Gene expression profiling reveals insights into infant immunological and febrile responses to group B meningococcal vaccine

Daniel O'Connor  1   2 Marta Valente Pinto  1   2 Dylan Sheerin  1   2 Adriana Tomic  1   2   3 Ruth E Drury  1   2 Samuel Channon-Wells  1   2 Ushma Galal  4 Christina Dold  1   2 Hannah Robinson  1   2 Simon Kerridge  1   2 Emma Plested  1   2 Harri Hughes  1   2 Lisa Stockdale  1   2 Manish Sadarangani  5 Matthew D Snape  1   2 Christine S Rollier  1   2 Michael Levin  6 Andrew J Pollard  1   2
Affiliations
Randomized Controlled Trial

Gene expression profiling reveals insights into infant immunological and febrile responses to group B meningococcal vaccine

Daniel O'Connor et al. Mol Syst Biol. 2020 Nov.

Abstract

Neisseria meningitidis is a major cause of meningitis and septicaemia. A MenB vaccine (4CMenB) was licensed by the European Medicines Agency in January 2013. Here we describe the blood transcriptome and proteome following infant immunisations with or without concomitant 4CMenB, to gain insight into the molecular mechanisms underlying post-vaccination reactogenicity and immunogenicity.
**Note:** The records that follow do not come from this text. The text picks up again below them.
lemma tight_circuits_common_sign:
  assumes TU: "totally_unimodular M" and x: "x \<in> voronoi0 M"
    and G: "G \<subseteq> lattice_circuits M" "\<forall>g\<in>G. x \<in> circuit_hyperplane M g"
    and cover: "\<gamma>$e \<noteq> 0 \<Longrightarrow> \<exists>g\<in>G. g$e \<noteq> 0"
    and agree: "\<forall>g\<in>G. \<gamma>$e \<noteq> 0 \<and> g$e \<noteq> 0 \<longrightarrow> \<gamma>$e = g$e"
  obtains s where "\<forall>g\<in>G. g$e \<in> {0, s}" "\<gamma>$e \<in> {0, s}"
proof (cases "\<exists>g\<in>G. g$e \<noteq> 0")
  case True
  then obtain g0 where g0: "g0 \<in> G" "g0$e \<noteq> 0" by blast
  have "g$e = g0$e" if "g \<in> G" "g$e \<noteq> 0" for g
    using tight_circuits_sign_consistent[OF TU x _ _ _ _ that(2) g0(2)] G that g0 by blast
  moreover have "\<gamma>$e = g0$e" if "\<gamma>$e \<noteq> 0" using agree g0 that by blast
  ultimately show thesis using that[of "g0$e"] by blast
next
  case False
  then show thesis using that[of 0] cover by auto
qed

lemma tight_if_covered_by_tight_circuits:
  assumes TU: "totally_unimodular M" and x: "x \<in> voronoi0 M"
    and G: "G \<subseteq> lattice_circuits M" "\<forall>g\<in>G. x \<in> circuit_hyperplane M g"
    and \<gamma>: "\<gamma> \<in> lattice_circuits M"
    and cover: "\<forall>e. \<gamma>$e \<noteq> 0 \<longrightarrow> (\<exists>g\<in>G. g$e \<noteq> 0)"
    and agree: "\<forall>g\<in>G. \<forall>e. \<gamma>$e \<noteq> 0 \<and> g$e \<noteq> 0 \<longrightarrow> \<gamma>$e = g$e"
  shows "x \<in> circuit_hyperplane M \<gamma>"
proof -
  have finG: "finite G" using G(1) finite_lattice_circuits by (rule finite_subset)
  have unit: "\<forall>i. g$i \<in> {-1, 0, 1}" if "g \<in> lattice_circuits M" for g
    using that by (auto simp: lattice_circuits_iff)
  define \<nu> where "\<nu> = (\<Sum>g\<in>G. g) - \<gamma>"
  \<comment> \<open>the common sign at each edge means that \<nu> has no cancellation\<close>
  have \<nu>_abs: "\<bar>\<nu>$e\<bar> = (\<Sum>g\<in>G. \<bar>g$e\<bar>) - \<bar>\<gamma>$e\<bar>" for e
  proof -
    obtain s where "\<forall>g\<in>G. g$e \<in> {0, s}" "\<gamma>$e \<in> {0, s}"
      using tight_circuits_common_sign[OF TU x G] cover agree by blast
    then show ?thesis
      using abs_sum_diff_same_sign[OF finG, of "\<lambda>g. g$e"] cover
      by (simp add: \<nu>_def sum_component)
  qed
  have "\<nu> \<in> lattice_flows M"
    using G(1) \<gamma> unfolding \<nu>_def lattice_circuits_def lattice_flows_def
    by (auto intro!: subspace_diff subspace_sum subspace_flows Ints_diff Ints_sum
        simp: sum_component subset_iff)
  then have "2 * (x \<bullet> \<nu>) \<le> norm1 \<nu>" by (rule voronoi0_inner_le_norm1[OF TU x])
  also have "norm1 \<nu> = (\<Sum>g\<in>G. norm1 g) - norm1 \<gamma>"
    unfolding norm1_def \<nu>_abs sum_subtractf by (subst sum.swap) (rule refl)
  also have "\<dots> = (\<Sum>g\<in>G. (norm g)\<^sup>2) - (norm \<gamma>)\<^sup>2"
    using G(1) unit \<gamma> by (auto simp: power2_norm_eq_norm1 intro!: sum.cong)
  also have "(\<Sum>g\<in>G. (norm g)\<^sup>2) = 2 * (x \<bullet> (\<Sum>g\<in>G. g))"
    using G(2) by (simp add: circuit_hyperplane_def inner_sum_right sum_distrib_left)
  finally have "(norm \<gamma>)\<^sup>2 \<le> 2 * (x \<bullet> \<gamma>)" by (simp add: \<nu>_def inner_diff_right)
  moreover have "2 * (x \<bullet> \<gamma>) \<le> (norm \<gamma>)\<^sup>2"
    using x \<gamma> voronoi0_eq_circuit_inequalities[OF TU] by auto
  moreover have "x \<in> flows M" using x by (simp add: voronoi0_def)
  ultimately show ?thesis by (simp add: circuit_hyperplane_def)
qed

section \<open>Faces of the Voronoi cell and strongly connected orientations\<close>

lemma fst_phi: "fst (phi M F) = (\<Union>\<gamma>\<in>U_face M F. supp \<gamma>)"
  by (simp add: phi_def Let_def)

lemma snd_phi_notin: "e \<notin> fst (phi M F) \<Longrightarrow> snd (phi M F) e = undefined"
  by (simp add: phi_def Let_def)

lemma U_face_tight: "\<gamma> \<in> U_face M F \<Longrightarrow> x \<in> F \<Longrightarrow> x \<in> circuit_hyperplane M \<gamma>"
  by (auto simp: U_face_def)

lemma snd_phi:
  assumes TU: "totally_unimodular M" and F: "F \<subseteq> voronoi0 M" "F \<noteq> {}"
    and \<gamma>: "\<gamma> \<in> U_face M F" and e: "\<gamma>$e \<noteq> 0"
  shows "snd (phi M F) e = \<gamma>$e"
proof -
  define \<gamma>0 where "\<gamma>0 = (SOME \<gamma>. \<gamma> \<in> U_face M F \<and> e \<in> supp \<gamma>)"
  have \<gamma>0: "\<gamma>0 \<in> U_face M F" "\<gamma>0$e \<noteq> 0"
    using someI[of "\<lambda>\<gamma>. \<gamma> \<in> U_face M F \<and> e \<in> supp \<gamma>" \<gamma>] \<gamma> e by (auto simp: \<gamma>0_def supp_def)
  obtain x where x: "x \<in> F" using F(2) by blast
  \<comment> \<open>SOME picks an arbitrary circuit of U(F) through e, but all of them are tight at x\<close>
  have "\<gamma>0$e = \<gamma>$e"
    using tight_circuits_sign_consistent[OF TU _ _ _ U_face_tight[OF \<gamma>0(1) x] U_face_tight[OF \<gamma> x]
        \<gamma>0(2) e] F(1) x \<gamma> \<gamma>0(1) by (auto simp: U_face_def)
  moreover have "\<gamma>$e \<in> {-1, 1}" using \<gamma> e by (auto simp: U_face_def lattice_circuits_iff)
  moreover have "e \<in> fst (phi M F)" using \<gamma> e by (auto simp: fst_phi supp_def)
  ultimately show ?thesis by (auto simp: phi_def Let_def \<gamma>0_def)
qed

lemma phi_in_SC:
  fixes M :: "real^'e::finite^'r::finite"
  assumes TU: "totally_unimodular M" and F: "F \<subseteq> voronoi0 M" "F \<noteq> {}"
  shows "phi M F \<in> SC M"
proof -
  have sign: "\<exists>\<gamma>\<in>U_face M F. \<gamma>$e \<noteq> 0 \<and> snd (phi M F) e = \<gamma>$e" if "e \<in> fst (phi M F)" for e
    using that snd_phi[OF TU F] by (auto simp: fst_phi supp_def)
  have "snd (phi M F) \<in> fst (phi M F) \<rightarrow>\<^sub>E {-1, 1}"
  proof
    fix e assume "e \<in> fst (phi M F)"
    with sign obtain \<gamma> where "\<gamma> \<in> U_face M F" "\<gamma>$e \<noteq> 0" "snd (phi M F) e = \<gamma>$e" by blast
    then show "snd (phi M F) e \<in> {-1, 1}" by (auto simp: U_face_def lattice_circuits_iff)
  qed (rule snd_phi_notin)
  moreover
  have "\<exists>w::'e \<Rightarrow> nat. w e \<ge> 1 \<and> (\<Sum>f\<in>fst (phi M F). (real (w f) * snd (phi M F) f) *\<^sub>R column f M) = 0"
    if e: "e \<in> fst (phi M F)" for e
  proof -
    obtain \<gamma> where \<gamma>: "\<gamma> \<in> U_face M F" "\<gamma>$e \<noteq> 0" using sign[OF e] by blast
    \<comment> \<open>a single tight circuit through e, with unit weights\<close>
    define w :: "'e \<Rightarrow> nat" where "w f = (if \<gamma>$f \<noteq> 0 then 1 else 0)" for f
    have "real (w f) * snd (phi M F) f = \<gamma>$f" if "f \<in> fst (phi M F)" for f
      using snd_phi[OF TU F \<gamma>(1)] by (auto simp: w_def)
    then have "(\<Sum>f\<in>fst (phi M F). (real (w f) * snd (phi M F) f) *\<^sub>R column f M)
        = (\<Sum>f\<in>fst (phi M F). \<gamma>$f *\<^sub>R column f M)" by simp
    also have "\<dots> = (\<Sum>f\<in>UNIV. \<gamma>$f *\<^sub>R column f M)"
      using \<gamma>(1) by (intro sum_scaleR_supp_subset) (auto simp: fst_phi)
    also have "\<dots> = 0"
      using \<gamma>(1) by (simp add: U_face_def lattice_circuits_iff flows_iff_columns[symmetric])
    finally show ?thesis using \<gamma>(2) by (intro exI[of _ w]) (simp add: w_def)
  qed
  ultimately show ?thesis
    by (simp add: SC_def strongly_connected_def oriented_submatroid_def)
qed

lemma phi_mono:
  assumes TU: "totally_unimodular M" and F2: "F2 \<subseteq> voronoi0 M" and F1: "F1 \<noteq> {}" "F1 \<subseteq> F2"
  shows "sc_le (phi M F1) (phi M F2)"
proof -
  have U: "U_face M F2 \<subseteq> U_face M F1" using F1(2) by (auto simp: U_face_def)
  then have "fst (phi M F2) \<subseteq> fst (phi M F1)" by (auto simp: fst_phi)
  moreover have "snd (phi M F2) e = snd (phi M F1) e" if e: "e \<in> fst (phi M F2)" for e
  proof -
    obtain \<gamma> where \<gamma>: "\<gamma> \<in> U_face M F2" "\<gamma>$e \<noteq> 0" using e by (auto simp: fst_phi supp_def)
    have "F1 \<subseteq> voronoi0 M" "F2 \<noteq> {}" using F1 F2 by auto
    then show ?thesis using snd_phi[OF TU F2 _ \<gamma>] snd_phi[OF TU _ F1(1) _ \<gamma>(2)] U \<gamma>(1) by auto
  qed
  ultimately show ?thesis
    unfolding sc_le_def by (auto simp: restrict_def snd_phi_notin)
qed

lemma U_face_subset_if_sc_le:
  assumes TU: "totally_unimodular M"
    and F1: "F1 \<subseteq> voronoi0 M" "F1 \<noteq> {}" and F2: "F2 \<subseteq> voronoi0 M" "F2 \<noteq> {}"
    and le: "sc_le (phi M F2) (phi M F1)"
  shows "U_face M F1 \<subseteq> U_face M F2"
proof
  fix \<gamma> assume \<gamma>: "\<gamma> \<in> U_face M F1"
  then have \<gamma>l: "\<gamma> \<in> lattice_circuits M" by (simp add: U_face_def)
  have "x \<in> circuit_hyperplane M \<gamma>" if x: "x \<in> F2" for x
  proof (rule tight_if_covered_by_tight_circuits[OF TU _ _ _ \<gamma>l])
    show "x \<in> voronoi0 M" using F2(1) x by blast
    show "U_face M F2 \<subseteq> lattice_circuits M" by (auto simp: U_face_def)
    show "\<forall>g\<in>U_face M F2. x \<in> circuit_hyperplane M g" using U_face_tight x by blast
    have "e \<in> fst (phi M F2)" if "\<gamma>$e \<noteq> 0" for e
      using le \<gamma> that by (auto simp: sc_le_def fst_phi supp_def)
    then show "\<forall>e. \<gamma>$e \<noteq> 0 \<longrightarrow> (\<exists>g\<in>U_face M F2. g$e \<noteq> 0)"
      by (auto simp: fst_phi supp_def)
    show "\<forall>g\<in>U_face M F2. \<forall>e. \<gamma>$e \<noteq> 0 \<and> g$e \<noteq> 0 \<longrightarrow> \<gamma>$e = g$e"
    proof (intro ballI allI impI)
      fix g e assume g: "g \<in> U_face M F2" and "\<gamma>$e \<noteq> 0 \<and> g$e \<noteq> 0"
      then have "\<gamma>$e = snd (phi M F1) e" "snd (phi M F2) e = g$e" "e \<in> fst (phi M F1)"
        using snd_phi[OF TU F1 \<gamma>] snd_phi[OF TU F2 g] \<gamma> by (auto simp: fst_phi supp_def)
      then show "\<gamma>$e = g$e" using le by (auto simp: sc_le_def)
    qed
  qed
  then show "\<gamma> \<in> U_face M F2" using \<gamma>l by (auto simp: U_face_def)
qed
Infants were randomised to receive control immunisations (PCV13 and DTaP-IPV-Hib) with or without 4CMenB at 2 and 4 months of age. Blood gene expression and plasma proteins were measured prior to, then 4 h, 24 h, 3 days or 7 days post-vaccination. 4CMenB vaccination was associated with increased expression of ENTPD7 and increased concentrations of 4 plasma proteins: CRP, G-CSF, IL-1RA and IL-6. Post-vaccination fever was associated with increased expression of SELL, involved in neutrophil recruitment. A murine model dissecting the vaccine components found the concomitant regimen to be associated with increased gene perturbation compared with 4CMenB vaccine alone with enhancement of pathways such as interleukin-3, -5 and GM-CSF signalling. Finally, we present transcriptomic profiles predictive of immunological and febrile responses following 4CMenB vaccine.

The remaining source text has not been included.